In the story, the lion laughs haughtily. “But Phil didn’t say ‘ha ha ha,’” he noted with a smile.
The money
Dr. Gottesman’s husband died in 2022, at age 96. “He left me, without my knowledge, an entire portfolio of Berkshire Hathaway shares,” she recalled. The instructions were simple: “Do what you think is right with him,” she recalled.
It was overwhelming to think about, so at first he didn’t do it. But her children encouraged her not to wait too long.
When he focused on the legacy, he immediately realized what he wanted to do, he recalled. “I wanted to fund Einstein students to receive free tuition,” she said. There was enough money to do it in perpetuity, she claimed.
Over the years, he had interviewed dozens of future Einstein medical students. Tuition costs more than $59,000 a year, and many graduated with crippling medical school debt. According to the school, nearly 50 percent of its students owed more than $200,000 after graduating. At most other New York City medical schools, fewer than 25 percent of new doctors owed that amount.
Nearly half of Einstein’s first-year medical students are New Yorkers and nearly 60 percent are women. About 48 percent of current medical students at Einstein are white, 29 percent are Asian, 11 percent are Hispanic and 5 percent are black.
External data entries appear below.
(* Let $I\subseteq R$ be a good ideal and let $Q\in\mathbb N$. Then there exists an integer $L(Q)$ such that for every $l\ge L(Q)$ and every $m\in G(I^l)$ there is an index $i\in\{1,\dots,n\}$ with $m=m'\mu_i^Q$ for some $m'\in G(I^{l-Q})$.
   Context: Let $\mathbb K$ be a field, $R=\mathbb K[x_1,\dots,x_n]$, $\mathfrak m=\langle x_1,\dots,x_n\rangle$, $\mathbb N=\{0,1,2,\dots\}$. A monomial $x_1^{\alpha_1}\cdots x_n^{\alpha_n}$ is identified with the point $(\alpha_1,\dots,\alpha_n)\in\mathbb N^n$. For a monomial ideal $I$, $G(I)$ denotes its (unique) minimal monomial generating set. If $I$ is an $\mathfrak m$-primary monomial ideal, then for each $i$ there is a unique $d_i\ge1$ with $x_i^{d_i}\in G(I)$; write $\mu_i=x_i^{d_i}$. For $(a_1,\dots,a_n)\in\mathbb N^n$ the box associated to $I$ is $B_{a_1,\dots,a_n}=([a_1d_1,(a_1+1)d_1]\times\cdots\times[a_nd_n,(a_n+1)d_n])\cap\mathbb N^n$; a monomial belongs to a box if its exponent vector does. An $\mathfrak m$-primary monomial ideal $I$ is called good if for every integer $l\ge1$, every element of $G(I^l)$ belongs to some box $B_{a_1,\dots,a_n}$ with $a_1+\dots+a_n=l-1$. *)

theory Defs
  imports Main "HOL-Library.Function_Algebras"
begin

text \<open>Monomials of R = K[x_1,...,x_n] are identified with exponent vectors
  'v \<Rightarrow> nat, where the finite type 'v indexes the variables x_1,...,x_n.
  A monomial ideal is identified with the set of (exponent vectors of) monomials
  it contains; this is an upward closed set w.r.t. divisibility, which is the
  pointwise order on exponent vectors.\<close>

definition mono_ideal :: "('v \<Rightarrow> nat) set \<Rightarrow> bool" where
  "mono_ideal I \<longleftrightarrow> (\<forall>a\<in>I. \<forall>b. a \<le> b \<longrightarrow> b \<in> I)"

definition gens :: "('v \<Rightarrow> nat) set \<Rightarrow> ('v \<Rightarrow> nat) set" where
  "gens I = {a \<in> I. \<forall>b\<in>I. b \<le> a \<longrightarrow> b = a}"

definition ideal_prod :: "('v \<Rightarrow> nat) set \<Rightarrow> ('v \<Rightarrow> nat) set \<Rightarrow> ('v \<Rightarrow> nat) set" where
  "ideal_prod I J = {c. \<exists>a\<in>I. \<exists>b\<in>J. a + b \<le> c}"

fun ideal_pow :: "('v \<Rightarrow> nat) set \<Rightarrow> nat \<Rightarrow> ('v \<Rightarrow> nat) set" where
  "ideal_pow I 0 = UNIV"
| "ideal_pow I (Suc l) = ideal_prod I (ideal_pow I l)"

definition ppow :: "'v \<Rightarrow> nat \<Rightarrow> ('v \<Rightarrow> nat)" where
  "ppow i d = (\<lambda>j. if j = i then d else 0)"

definition m_primary :: "('v \<Rightarrow> nat) set \<Rightarrow> bool" where
  "m_primary I \<longleftrightarrow> mono_ideal I \<and> 0 \<notin> I \<and> (\<forall>i. \<exists>d. ppow i d \<in> I)"

text \<open>d_i: the unique d with x_i^d in G(I), i.e. the least d with x_i^d in I.\<close>
definition pdeg :: "('v \<Rightarrow> nat) set \<Rightarrow> 'v \<Rightarrow> nat" where
  "pdeg I i = (LEAST d. ppow i d \<in> I)"

definition mu :: "('v \<Rightarrow> nat) set \<Rightarrow> 'v \<Rightarrow> ('v \<Rightarrow> nat)" where
  "mu I i = ppow i (pdeg I i)"

definition in_box :: "('v \<Rightarrow> nat) set \<Rightarrow> ('v \<Rightarrow> nat) \<Rightarrow> ('v \<Rightarrow> nat) \<Rightarrow> bool" where
  "in_box I a m \<longleftrightarrow> (\<forall>i. a i * pdeg I i \<le> m i \<and> m i \<le> (a i + 1) * pdeg I i)"

definition good :: "('v::finite \<Rightarrow> nat) set \<Rightarrow> bool" where
  "good I \<longleftrightarrow> m_primary I \<and>
     (\<forall>l\<ge>1. \<forall>m\<in>gens (ideal_pow I l). \<exists>a. (\<Sum>i\<in>UNIV. a i) = l - 1 \<and> in_box I a m)"

end

theory Submission
  imports Defs "HOL-Library.FuncSet"
begin

text \<open>Goodness forces every \<open>u \<in> I\<close> to satisfy \<open>\<Sum>j. u\<^sub>j / d\<^sub>j \<ge> 1\<close>. An element \<open>m\<close> of
  \<open>I\<^sup>l\<close> dominates a sum of \<open>l\<close> factors from \<open>I\<close>, which may be truncated into the first box,
  so only finitely many factors occur. With \<open>D = \<Prod>i. d\<^sub>i\<close>, \<open>D\<close> copies of a factor \<open>g\<close> have
  the exponent vector of \<open>g\<^sub>j D / d\<^sub>j\<close> copies of each \<open>\<mu>\<^sub>j\<close>, at least \<open>D\<close> pure powers in
  total. After these exchanges fewer than \<open>D\<close> copies of each factor remain, so for large \<open>l\<close>
  some \<open>\<mu>\<^sub>i\<close> is used at least \<open>Q\<close> times; removing \<open>\<mu>\<^sub>i\<^sup>Q\<close> leaves an element of
  \<open>I\<^bsup>l - Q\<^esup>\<close> below \<open>m - Q \<mu>\<^sub>i\<close>, and minimality of \<open>m\<close> makes \<open>m - Q \<mu>\<^sub>i\<close> a minimal generator.\<close>

lemma ideal_pow_upward: "x \<in> ideal_pow I a \<Longrightarrow> x \<le> y \<Longrightarrow> y \<in> ideal_pow I a"
  by (cases a) (auto simp: ideal_prod_def intro: order_trans)

lemma ideal_pow_add:
  "x \<in> ideal_pow I a \<Longrightarrow> y \<in> ideal_pow I b \<Longrightarrow> x + y \<in> ideal_pow I (a + b)"
proof (induction a arbitrary: x)
  case 0
  then show ?case by (auto intro: ideal_pow_upward simp: le_fun_def)
next
  case (Suc a)
  then obtain g z where g: "g \<in> I" "z \<in> ideal_pow I a" "g + z \<le> x"
    by (auto simp: ideal_prod_def)
  have "z + y \<in> ideal_pow I (a + b)" using Suc.IH[OF g(2)] Suc.prems(2) by blast
  moreover have "g + (z + y) \<le> x + y" using g(3) by (auto simp: le_fun_def)
  ultimately have "x + y \<in> ideal_prod I (ideal_pow I (a + b))"
    unfolding ideal_prod_def using g(1) by blast
  then show ?case by (simp only: add_Suc ideal_pow.simps)
qed

lemma ideal_pow_Suc_subset: "ideal_pow I (Suc k) \<subseteq> ideal_pow I k"
proof
  fix x assume "x \<in> ideal_pow I (Suc k)"
  then obtain g z where "z \<in> ideal_pow I k" "g + z \<le> x"
    by (auto simp: ideal_prod_def)
  moreover from \<open>g + z \<le> x\<close> have "z \<le> x" by (auto simp: le_fun_def elim: add_leE)
  ultimately show "x \<in> ideal_pow I k" using ideal_pow_upward by blast
qed

lemma ideal_pow_antimono: "a \<le> b \<Longrightarrow> ideal_pow I b \<subseteq> ideal_pow I a"
  by (rule lift_Suc_antimono_le[of "ideal_pow I"]) (rule ideal_pow_Suc_subset)

lemma mult_mem_ideal_pow: "g \<in> I \<Longrightarrow> (\<lambda>j. k * g j) \<in> ideal_pow I k"
proof (induction k)
  case (Suc k)
  have "g + (\<lambda>j. k * g j) \<le> (\<lambda>j. Suc k * g j)" by (auto simp: le_fun_def)
  then show ?case using Suc by (auto simp: ideal_prod_def)
qed simp

lemma sum_mem_ideal_pow:
  assumes "finite S" "\<And>s. s \<in> S \<Longrightarrow> f s \<in> ideal_pow I (a s)"
  shows "(\<lambda>j. \<Sum>s\<in>S. f s j) \<in> ideal_pow I (\<Sum>s\<in>S. a s)"
  using assms
proof (induction S rule: finite_induct)
  case (insert x F)
  have "f x + (\<lambda>j. \<Sum>s\<in>F. f s j) \<in> ideal_pow I (a x + (\<Sum>s\<in>F. a s))"
    using insert by (intro ideal_pow_add) auto
  then show ?case using insert by (simp add: plus_fun_def)
qed simp

lemma ideal_pow_ge_sum_list:
  "m \<in> ideal_pow I l \<Longrightarrow>
     \<exists>xs. length xs = l \<and> set xs \<subseteq> I \<and> (\<forall>j. (\<Sum>x\<leftarrow>xs. x j) \<le> m j)"
proof (induction l arbitrary: m)
  case (Suc l)
  then obtain g z where g: "g \<in> I" "z \<in> ideal_pow I l" "g + z \<le> m"
    by (auto simp: ideal_prod_def)
  then obtain xs where xs: "length xs = l" "set xs \<subseteq> I" "\<forall>j. (\<Sum>x\<leftarrow>xs. x j) \<le> z j"
    using Suc.IH by blast
  have "\<forall>j. (\<Sum>x\<leftarrow>g # xs. x j) \<le> m j"
    using xs(3) g(3) by (auto simp: le_fun_def intro: order_trans[rotated])
  then show ?case using xs g by (intro exI[of _ "g # xs"]) auto
qed simp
Not only would prospective students be able to embark on their careers without the burden of debt, but he hoped his donation would also allow a broader group of aspiring doctors to apply to medical school. “We have excellent medical students, but this will open the doors to many other students whose economic situation is such that they would not even think about going to medical school,” he said.
“That’s what makes me very happy about this gift,” he added. “I have the opportunity to not only help Phil, but also help Montefiore and Einstein in a transformative way, and I am very proud and honored to be able to do so.”
Dr. Gottesman went to see Dr. Ozuah in December to tell him he would make a large donation. He reminded her of the story of the lion and the mouse. This, he explained, was the mouse’s moment.
“If someone said to you, ‘I’ll give you a life-changing gift for medical school,’ what would you do?” she asked.
There were probably three things, Dr. Ozuah said.
“First,” he began, “you could make education free…”
“That’s what I want to do,” he said. He never mentioned the other ideas.
Dr. Gottesman sometimes wonders what her late husband would have thought of her decision.
“I hope you’re smiling and not frowning,” he said with a smile. “But he gave me the opportunity to do this and I think he would be happy, I hope so.”
Einstein won’t be the first medical school to eliminate tuition.
In 2018, New York University announced it would begin offering free tuition to medical students and saw a surge in applications.
Name
Dr. Gottesman was reluctant to attach her name to her donation. “No one needs to know,” Dr. Ozuah recalled her saying at the beginning. But Dr. Ozuah insisted that others might find her life inspiring. “Here is someone who is totally dedicated to the well-being of others and does not want praise or recognition,” Dr. Ozuah said.
Dr. Ozuah noted that the going price for placing his name on a medical school or hospital was perhaps one-fifth of Dr. Gottesman’s donation. Cornell Medical College and New York Hospital now include the last name of Sanford Weill, former head of Citigroup. New York University Medical Center was renamed after Ken Langone, co-founder of Home Depot. Both men donated hundreds of millions of dollars.
But it is a condition of Dr. Gottesman’s donation that the Einstein College of Medicine not change its name. Albert Einstein, the physicist who developed the theory of relativity, agreed to name the medical school, which opened in 1955, after him.
The name, he noted, is unparalleled. “We have the damn name: we have Albert Einstein.”